> Records provided
text \<open>Write \<open>M = I - (I - \<beta>) W\<close>, so that \<open>M P = \<beta>\<close>. On a strongly connected
  row-stochastic network with a stubborn agent, \<open>M\<close> obeys a minimum principle: if \<open>(M z)\<^sub>i \<ge> 0\<close>
  wherever \<open>z\<^sub>i < 0\<close>, then \<open>z \<ge> 0\<close>. Hence every column \<open>P\<^sub>\<cdot>\<^sub>j\<close> lies between \<open>0\<close> and
  \<open>P\<^sub>j\<^sub>j\<close>, and the column of \<open>s\<^sub>2\<close> equals its \<open>W\<close>-average at every non-stubborn node. Going up
  the level decomposition, it is therefore constant, equal to its maximum \<open>P\<^sub>s\<^sub>2\<^sub>s\<^sub>2\<close>, on the
  nodes all of whose simple paths from \<open>m\<close> pass through \<open>s\<^sub>2\<close>; in particular
  \<open>P\<^sub>a\<^sub>s\<^sub>2 \<ge> P\<^sub>d\<^sub>s\<^sub>2\<close>.

  The modification only changes row \<open>b\<close> of \<open>M\<close>, and
  \<open>M' (P'\<^sub>\<cdot>\<^sub>j - P\<^sub>\<cdot>\<^sub>j) = (1 - \<beta>\<^sub>b) w (P\<^sub>a\<^sub>j - P\<^sub>d\<^sub>j) e\<^sub>b\<close>. By the minimum principle for
  \<open>M'\<close> the column of \<open>s\<^sub>2\<close> increases, strictly unless \<open>P\<^sub>a\<^sub>s\<^sub>2 = P\<^sub>d\<^sub>s\<^sub>2\<close>; but then also
  \<open>P\<^sub>a\<^sub>s\<^sub>1 = P\<^sub>d\<^sub>s\<^sub>1\<close> (rows of \<open>P\<close> sum to one), both columns are unchanged, and the
  modification would be redundant. The argument does not need \<open>\<beta>\<^sub>s\<^sub>2 \<ge> 1/2\<close>, the condition
  on \<open>d\<close>, \<open>a \<in> T\<^sub>3\<close>, the absence of self-loops or the global communicator.\<close>

definition FJ_op :: "real^'n^'n \<Rightarrow> ('n \<Rightarrow> real) \<Rightarrow> ('n \<Rightarrow> real) \<Rightarrow> 'n \<Rightarrow> real" where
  "FJ_op W \<beta> z i = z i - (1 - \<beta> i) * (\<Sum>j\<in>UNIV. W $ i $ j * z j)"
section \<open>Barenblatt profiles\<close>

lemma barenblatt_profile_eq_truncated_powr:
  assumes "\<gamma> > 1" "A > 0"
  defines "m \<equiv> 1 / (\<gamma> - 1)"
  shows "barenblatt_profile A \<gamma> \<xi>
    = A powr m * max (1 - 1 / (2 * \<gamma> * (\<gamma> + 1) * A) * \<xi>\<^sup>2 / m) 0 powr m"
proof -
  have "1 / (2 * \<gamma> * (\<gamma> + 1) * A) * \<xi>\<^sup>2 / m = barenblatt_B \<gamma> * \<xi>\<^sup>2 / A"
    by (simp add: m_def barenblatt_B_def)
  then have "A - barenblatt_B \<gamma> * \<xi>\<^sup>2 = A * (1 - 1 / (2 * \<gamma> * (\<gamma> + 1) * A) * \<xi>\<^sup>2 / m)"
    using assms(2) by (simp add: field_simps)
  then have "max (A - barenblatt_B \<gamma> * \<xi>\<^sup>2) 0 = A * max (1 - 1 / (2 * \<gamma> * (\<gamma> + 1) * A) * \<xi>\<^sup>2 / m) 0"
    using assms by (simp add: max_mult_distrib_left)
  then show ?thesis
    using assms by (simp add: barenblatt_profile_def powr_mult)
qed

lemma barenblatt_A_condition_imp_eq:
  assumes "\<gamma> > 1" "barenblatt_A_condition mass \<gamma> A"
  defines "p \<equiv> (\<gamma> + 1) / (\<gamma> - 1)"
  shows "sqrt (8 * \<gamma> * (p * cos_powr_integral p ^ 2)) * A powr (p / 2) = mass"
proof -
  have B: "barenblatt_B \<gamma> > 0" "8 * \<gamma> * p * barenblatt_B \<gamma> = 4"
    using assms(1) by (simp_all add: p_def barenblatt_B_def)
  have "sqrt (8 * \<gamma> * p) * sqrt (barenblatt_B \<gamma>) = 2"
    by (metis B(2) real_sqrt_mult real_sqrt_four)
  then have sqrt_8\<gamma>p: "sqrt (8 * \<gamma> * p) = 2 * barenblatt_B \<gamma> powr (- 1/2)"
    using B(1) by (simp add: powr_minus_divide powr_half_sqrt field_simps)
  have "cos_powr_integral p \<ge> 0"
    using assms(1) by (intro cos_powr_integral_nonneg) (simp add: p_def)
  then have "sqrt (8 * \<gamma> * (p * cos_powr_integral p ^ 2)) = sqrt (8 * \<gamma> * p) * cos_powr_integral p"
    by (metis mult.assoc real_sqrt_mult real_sqrt_abs abs_of_nonneg)
  also have "\<dots> = 2 * barenblatt_B \<gamma> powr (- 1/2) * cos_powr_integral p"
    by (simp add: sqrt_8\<gamma>p)
  finally have "sqrt (8 * \<gamma> * (p * cos_powr_integral p ^ 2))
      = 2 * barenblatt_B \<gamma> powr (- 1/2) * cos_powr_integral p" .
  moreover have "(\<gamma> + 1) / (2 * (\<gamma> - 1)) = p / 2"
    by (simp add: p_def)
  ultimately show ?thesis
    using assms(2) by (simp add: barenblatt_A_condition_def cos_powr_integral_def p_def ac_simps)
qed

lemma barenblatt_A_limits:
  fixes A :: "real \<Rightarrow> real"
  assumes mass: "mass > 0"
    and A: "\<And>\<gamma>. \<gamma> > 1 \<Longrightarrow> barenblatt_A_condition mass \<gamma> (A \<gamma>)"
  shows "(A \<longlongrightarrow> 1) (at_right 1)"
    and "((\<lambda>\<gamma>. A \<gamma> powr (1 / (\<gamma> - 1))) \<longlongrightarrow> mass / (2 * sqrt pi)) (at_right 1)"
proof -
  define p where "p \<gamma> = (\<gamma> + 1) / (\<gamma> - 1)" for \<gamma> :: real
  define C where "C \<gamma> = A \<gamma> powr (p \<gamma> / 2)" for \<gamma>
  define K where "K \<gamma> = 8 * \<gamma> * (p \<gamma> * cos_powr_integral (p \<gamma>) ^ 2)" for \<gamma>
  have "filterlim p at_top (at_right 1)"
    unfolding p_def by real_asymp
  then have "((\<lambda>\<gamma>. p \<gamma> * cos_powr_integral (p \<gamma>) ^ 2) \<longlongrightarrow> pi/2) (at_right 1)"
    by (rule filterlim_compose[OF tendsto_cos_powr_integral_sq])
  then have "((\<lambda>\<gamma>. mass / sqrt (K \<gamma>)) \<longlongrightarrow> mass / sqrt (8 * 1 * (pi/2))) (at_right 1)"
    unfolding K_def by (intro tendsto_intros) simp_all
  moreover have "\<forall>\<^sub>F \<gamma> in at_right 1. C \<gamma> = mass / sqrt (K \<gamma>)"
    using eventually_at_right_less
  proof eventually_elim
    case (elim \<gamma>)
    have "sqrt (K \<gamma>) * C \<gamma> = mass"
      unfolding C_def K_def p_def by (rule barenblatt_A_condition_imp_eq[OF elim A[OF elim]])
    then show ?case
      using mass by (auto simp: field_simps)
  qed
  ultimately have C: "(C \<longlongrightarrow> mass / (2 * sqrt pi)) (at_right 1)"
    by (simp add: tendsto_cong real_sqrt_mult)
  have A_eq: "A \<gamma> = C \<gamma> powr (2 * (\<gamma> - 1) / (\<gamma> + 1))"
    and A_powr_eq: "A \<gamma> powr (1 / (\<gamma> - 1)) = C \<gamma> powr (2 / (\<gamma> + 1))" if "\<gamma> > 1" for \<gamma>
  proof -
    have "A \<gamma> > 0"
      using A[OF that] by (simp add: barenblatt_A_condition_def)
    moreover have "p \<gamma> / 2 * (2 * (\<gamma> - 1) / (\<gamma> + 1)) = 1"
      using that by (simp add: p_def)
    ultimately show "A \<gamma> = C \<gamma> powr (2 * (\<gamma> - 1) / (\<gamma> + 1))"
      by (simp only: C_def powr_powr) simp
    have "p \<gamma> / 2 * (2 / (\<gamma> + 1)) = 1 / (\<gamma> - 1)"
      using that by (simp add: p_def divide_simps; simp add: algebra_simps)
    then show "A \<gamma> powr (1 / (\<gamma> - 1)) = C \<gamma> powr (2 / (\<gamma> + 1))"
      by (simp only: C_def powr_powr)
  qed
  have "((\<lambda>\<gamma>. C \<gamma> powr (2 * (\<gamma> - 1) / (\<gamma> + 1))) \<longlongrightarrow> 1) (at_right 1)"
    using mass by (auto intro!: tendsto_eq_intros C)
  then show "(A \<longlongrightarrow> 1) (at_right 1)"
    by (rule Lim_transform_eventually[OF _ eventually_mono[OF eventually_at_right_less A_eq[symmetric]]])
  have "((\<lambda>\<gamma>. C \<gamma> powr (2 / (\<gamma> + 1))) \<longlongrightarrow> mass / (2 * sqrt pi)) (at_right 1)"
    using mass by (auto intro!: tendsto_eq_intros C)
  then show "((\<lambda>\<gamma>. A \<gamma> powr (1 / (\<gamma> - 1))) \<longlongrightarrow> mass / (2 * sqrt pi)) (at_right 1)"
    by (rule Lim_transform_eventually[OF _ eventually_mono[OF eventually_at_right_less A_powr_eq[symmetric]]])
qed

theorem proposition3:
  fixes mass :: real and A :: "real \<Rightarrow> real"
  assumes "mass > 0"
    and "\<And>\<gamma>. \<gamma> > 1 \<Longrightarrow> barenblatt_A_condition mass \<gamma> (A \<gamma>)"
  shows "uniform_limit UNIV (\<lambda>\<gamma> \<xi>. barenblatt_profile (A \<gamma>) \<gamma> \<xi>)
           (\<lambda>\<xi>. mass / (2 * sqrt pi) * exp (- (\<xi>\<^sup>2) / 4)) (at_right 1)"
proof -
  note A_limits = barenblatt_A_limits[OF assms]
  have "((\<lambda>\<gamma>. 1 / (2 * \<gamma> * (\<gamma> + 1) * A \<gamma>)) \<longlongrightarrow> 1/4) (at_right 1)"
    by (auto intro!: tendsto_eq_intros A_limits(1))
  moreover have "filterlim (\<lambda>\<gamma>. 1 / (\<gamma> - 1)) at_top (at_right (1::real))"
    by real_asymp
  ultimately have "uniform_limit UNIV
      (\<lambda>\<gamma> \<xi>. A \<gamma> powr (1 / (\<gamma> - 1))
         * max (1 - 1 / (2 * \<gamma> * (\<gamma> + 1) * A \<gamma>) * \<xi>\<^sup>2 / (1 / (\<gamma> - 1))) 0 powr (1 / (\<gamma> - 1)))
      (\<lambda>\<xi>. mass / (2 * sqrt pi) * exp (- (1/4 * \<xi>\<^sup>2))) (at_right 1)"
    by (intro uniform_limit_truncated_powr_gaussian A_limits(2)) simp_all
  moreover have "\<forall>\<^sub>F \<gamma> in at_right 1. \<forall>\<xi>\<in>UNIV. barenblatt_profile (A \<gamma>) \<gamma> \<xi>
      = A \<gamma> powr (1 / (\<gamma> - 1))
         * max (1 - 1 / (2 * \<gamma> * (\<gamma> + 1) * A \<gamma>) * \<xi>\<^sup>2 / (1 / (\<gamma> - 1))) 0 powr (1 / (\<gamma> - 1))"
    using eventually_at_right_less
  proof eventually_elim
    case (elim \<gamma>)
    then have "A \<gamma> > 0"
      using assms(2) by (simp add: barenblatt_A_condition_def)
    then show ?case
      using barenblatt_profile_eq_truncated_powr[OF elim] by blast
  qed
  ultimately show ?thesis
    by (simp add: uniform_limit_cong)
qed

end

> Problem
In the entries above, one line contains "wherever \<open>z\<^sub>i <" and another contains "unchanged, and the". Reproduce exactly those two lines and the lines between them, nothing else.

> Your response
  wherever \<open>z\<^sub>i < 0\<close>, then \<open>z \<ge> 0\<close>. Hence every column \<open>P\<^sub>\<cdot>\<^sub>j\<close> lies between \<open>0\<close> and
  \<open>P\<^sub>j\<^sub>j\<close>, and the column of \<open>s\<^sub>2\<close> equals its \<open>W\<close>-average at every non-stubborn node. Going up
  the level decomposition, it is therefore constant, equal to its maximum \<open>P\<^sub>s\<^sub>2\<^sub>s\<^sub>2\<close>, on the
  nodes all of whose simple paths from \<open>m\<close> pass through \<open>s\<^sub>2\<close>; in particular
  \<open>P\<^sub>a\<^sub>s\<^sub>2 \<ge> P\<^sub>d\<^sub>s\<^sub>2\<close>.

  The modification only changes row \<open>b\<close> of \<open>M\<close>, and
  \<open>M' (P'\<^sub>\<cdot>\<^sub>j - P\<^sub>\<cdot>\<^sub>j) = (1 - \<beta>\<^sub>b) w (P\<^sub>a\<^sub>j - P\<^sub>d\<^sub>j) e\<^sub>b\<close>. By the minimum principle for
  \<open>M'\<close> the column of \<open>s\<^sub>2\<close> increases, strictly unless \<open>P\<^sub>a\<^sub>s\<^sub>2 = P\<^sub>d\<^sub>s\<^sub>2\<close>; but then also
  \<open>P\<^sub>a\<^sub>s\<^sub>1 = P\<^sub>d\<^sub>s\<^sub>1\<close> (rows of \<open>P\<close> sum to one), both columns are unchanged, and the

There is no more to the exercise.